# truma boiler



## 96305 (Sep 16, 2005)

can anyone tell me if there is a drain handle for the above boiler fitted in a hymer 544 c class and where it might be locatted as i cant seem to find one thanks


----------



## Scotjimland (May 23, 2005)

Hi 
In my previous motorhome there was a frost protection valve sited on the floor just next to the boiler. It has a small red knob on top which if you push down on opens the drain line, you pull to reset. 
If the ambient temperature drops below 5c it automatically opens and drains the boiler. 

Hope this helps ..


----------



## 88927 (May 10, 2005)

Hi smokie
I seem to remember from our old Hymer 660 that there was a safety valve just a little way from the boiler and if you pulled up on the ring at the top it would allow the boiler to drain??? Please remember that my memory isn't what it used to be though, and any type of drain valve will have a pipe connected to the bottom of the boiler and go to the ouside without any other impediment.
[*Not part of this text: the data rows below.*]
(*
  Write Gamma_hat = \<theta> v v\<^sup>T + W. On the event E, every principal submatrix of W of size
  at most 4k' has norm at most \<epsilon> = 2 C0 (1 + \<theta>) sqrt (k' log n / m), and the sample size
  condition says exactly that 16 \<epsilon> \<le> \<theta> \<gamma>.

  The SEP output u is a top eigenvector of a k-sparse principal submatrix, hence maximises the
  Rayleigh quotient there; comparing with v restricted to S^(k) gives
  \<theta> \<langle>u,v\<rangle>\<^sup>2 + \<epsilon> \<ge> \<theta> \<gamma> - \<epsilon>, so |\<langle>u,v\<rangle>| \<ge> \<gamma>/2.

  One TPower step from a unit k'-sparse w with a = \<langle>w,v\<rangle> gives
  H_T(Gamma_hat w) = \<theta> a v + e with |e| \<le> 2 \<epsilon>: the keep-k' selection T can only drop
  coordinates of supp v that are dominated by coordinates it keeps outside supp v, where
  Gamma_hat w coincides with the noise W w. Hence sin \<angle> \<le> 4 \<epsilon> / (\<theta> |a|). While
  |a| \<ge> \<gamma>/2 this is at most 1/2, which in turn keeps |a| \<ge> 1/2 \<ge> \<gamma>/2, so every iterate
  satisfies sin \<angle> \<le> 8 \<epsilon> / (\<theta> \<gamma>).
*)

theory Submission
  imports Defs "HOL-Analysis.Analysis"
begin
theorem proposition2p4:
  fixes f f' :: "real \<Rightarrow> real" and R :: real
    and tstar taubar tbar \<kappa> lam \<Theta> :: real
  assumes deriv: "\<And>t. t \<in> {0..<R} \<Longrightarrow> (f has_real_derivative f' t) (at t within {0..<R})"
    and cont: "continuous_on {0..<R} f'"
    and h1a: "f 0 > 0" and h1b: "f' 0 = -1"
    and h2a: "strict_mono_on {0..<R} f'" and h2b: "convex_on {0..<R} f'"
    and h3: "\<exists>t\<in>{0<..<R}. f t < 0"
    and tstar_def: "tstar = Inf {t \<in> {0..<R}. f t = 0}"
    and taubar_def: "taubar = Sup {t \<in> {0..<R}. f t < 0}"
    and tbar_def: "tbar = Sup {t \<in> {0..<R}. f' t < 0}"
    and kappa_def: "\<kappa> = Sup ((\<lambda>t. - f t / t) ` {0<..<R})"
    and lam_def: "lam = Sup {t \<in> {0..<R}. \<kappa> + f' t < 0}"
    and Theta_def: "\<Theta> = \<kappa> / (2 - \<kappa>)"
  shows "0 < \<kappa> \<and> \<kappa> < 1 \<and> 0 < \<Theta> \<and> \<Theta> < 1
    \<and> tstar < lam \<and> lam \<le> tbar \<and> tbar \<le> taubar
    \<and> (\<forall>t\<in>{0..<lam}. f' t + \<kappa> < 0)
    \<and> Inf ((\<lambda>t. f t + \<kappa> * t) ` {0..<R}) = 0
    \<and> ((\<lambda>t. f t + \<kappa> * t) \<longlongrightarrow> 0) (at_left lam)"
proof -
  obtain s where s: "s \<in> {0<..<R}" "f s < 0" using h3 by blast
  then have "0 < R" by simp
  note slope = Sup_neg_slope_bounds[OF deriv h2a h1a s]
  have k0: "0 < \<kappa>" and k1: "\<kappa> < 1" using slope(2,3) h1b kappa_def by simp_all
  have g_deriv: "((\<lambda>t. f t + \<kappa> * t) has_real_derivative \<kappa> + f' t) (at t within {0..<R})"
    if "t \<in> {0..<R}" for t
    using deriv[OF that] by (auto intro!: derivative_eq_intros)
  have g'_mono: "strict_mono_on {0..<R} (\<lambda>t. \<kappa> + f' t)"
    using h2a by (auto simp: strict_mono_on_def)
  have g'0: "\<kappa> + f' 0 < 0" using h1b k1 by simp
  have lam_set_ne: "{t \<in> {0..<R}. \<kappa> + f' t < 0} \<noteq> {}"
    using \<open>0 < R\<close> g'0 by (auto intro!: exI[of _ 0])
  have lam_pos: "0 < lam"
    unfolding lam_def using cont \<open>0 < R\<close> g'0 by (intro Sup_neg_set_pos) (auto intro: continuous_intros)
  have lam_le: "lam \<le> R"
    using Sup_neg_set_bounds(2)[of R "\<lambda>t. \<kappa> + f' t", OF \<open>0 < R\<close> g'0] lam_def by simp
  have g_nonneg: "\<And>t. t \<in> {0..<R} \<Longrightarrow> 0 \<le> f t + \<kappa> * t"
    using add_Sup_neg_slope_nonneg[OF slope(1) _ kappa_def] h1a by simp
  have inf: "Inf ((\<lambda>t. f t + \<kappa> * t) ` {0..<R}) = 0"
    using Inf_add_Sup_neg_slope[OF slope(1) _ kappa_def \<open>0 < R\<close>] h1a by simp
  have "bdd_below ((\<lambda>t. f t + \<kappa> * t) ` {0..<R})"
    using g_nonneg by (auto intro: bdd_belowI[of _ 0])
  with inf have lim: "((\<lambda>t. f t + \<kappa> * t) \<longlongrightarrow> 0) (at_left lam)"
    using tendsto_Inf_at_left_Sup_neg_deriv[OF g_deriv g'_mono \<open>0 < R\<close> g'0 lam_def lam_pos] by simp
  have "tstar < lam"
    unfolding tstar_def using DERIV_continuous_on[OF deriv] h1a lam_pos lam_le k0 lim
    by (rule Inf_zeros_less)
  moreover have "lam \<le> tbar"
    unfolding lam_def tbar_def using lam_set_ne k0
    by (intro cSup_subset_mono) (auto intro: bdd_aboveI[of _ R])
  moreover have "tbar \<le> taubar"
    unfolding tbar_def taubar_def using Sup_neg_deriv_le_Sup_neg[OF deriv h2a \<open>0 < R\<close> _ _ s(2)] h1b s(1)
    by simp
  moreover have "\<forall>t\<in>{0..<lam}. f' t + \<kappa> < 0"
  proof
    fix t assume t: "t \<in> {0..<lam}"
    have "bdd_above {t \<in> {0..<R}. \<kappa> + f' t < 0}" by (auto intro: bdd_aboveI[of _ R])
    then have "\<kappa> + f' t < 0"
      using t lam_le lam_def by (intro strict_mono_on_neg_below_Sup[OF g'_mono _ lam_set_ne]) auto
    then show "f' t + \<kappa> < 0" by simp
  qed
  moreover have "0 < \<Theta>" using k0 k1 by (simp add: Theta_def)
  moreover have "\<Theta> < 1" using k1 by (simp add: Theta_def divide_less_eq)
  ultimately show ?thesis using k0 k1 inf lim by simp
qed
Hope to have helped, and if this is no help try calling Peter Hambilton or the guys at DMIUK and they will know for sure.

Keith


----------



## SidT (May 9, 2005)

Hi Jim as you say. 
_If the ambient temperature drops below 5c it automatically opens and drains the boiler_
Ours is the same and it does work, only trouble is that at those temperatures and below is when you need the heater.
I assume the heating side won't work without water in the boiler? I hate reading manuals.
Cheers Sid.


----------



## Scotjimland (May 23, 2005)

Hi Sid 
I hate manuals too.. :lol: however, sometimes it's the only way.. 
Truma say this:



> The Trumatic C 3402
> Heat and hot water, all in one. Both models of this combination unit design provide heat and hot water at the same time. Equipped with a high performance gas burner, a powerful fan and electronically monitored safety devices, the space-saving installation techniques for heating in the C-series make them the ideal solution for leisure vehicles. Heating operation without water is also possible, as is hot water without heating operation, such as in the summer.


Check website for your model http://www.trumauk.com/

Regards


----------



## SidT (May 9, 2005)

Hi Jim. Very sorry for the delay but I missed your reply. Thanks for the info, I will check.
Regards Sid


----------



## 88962 (May 10, 2005)

Hi Smokie

We have a Hymer 544 C class (2000 model). Our drain is in the cupboard under the sink, there is a section of the floor that lifts out and inside there is a knob which turns and a little tap which lifts up.


----------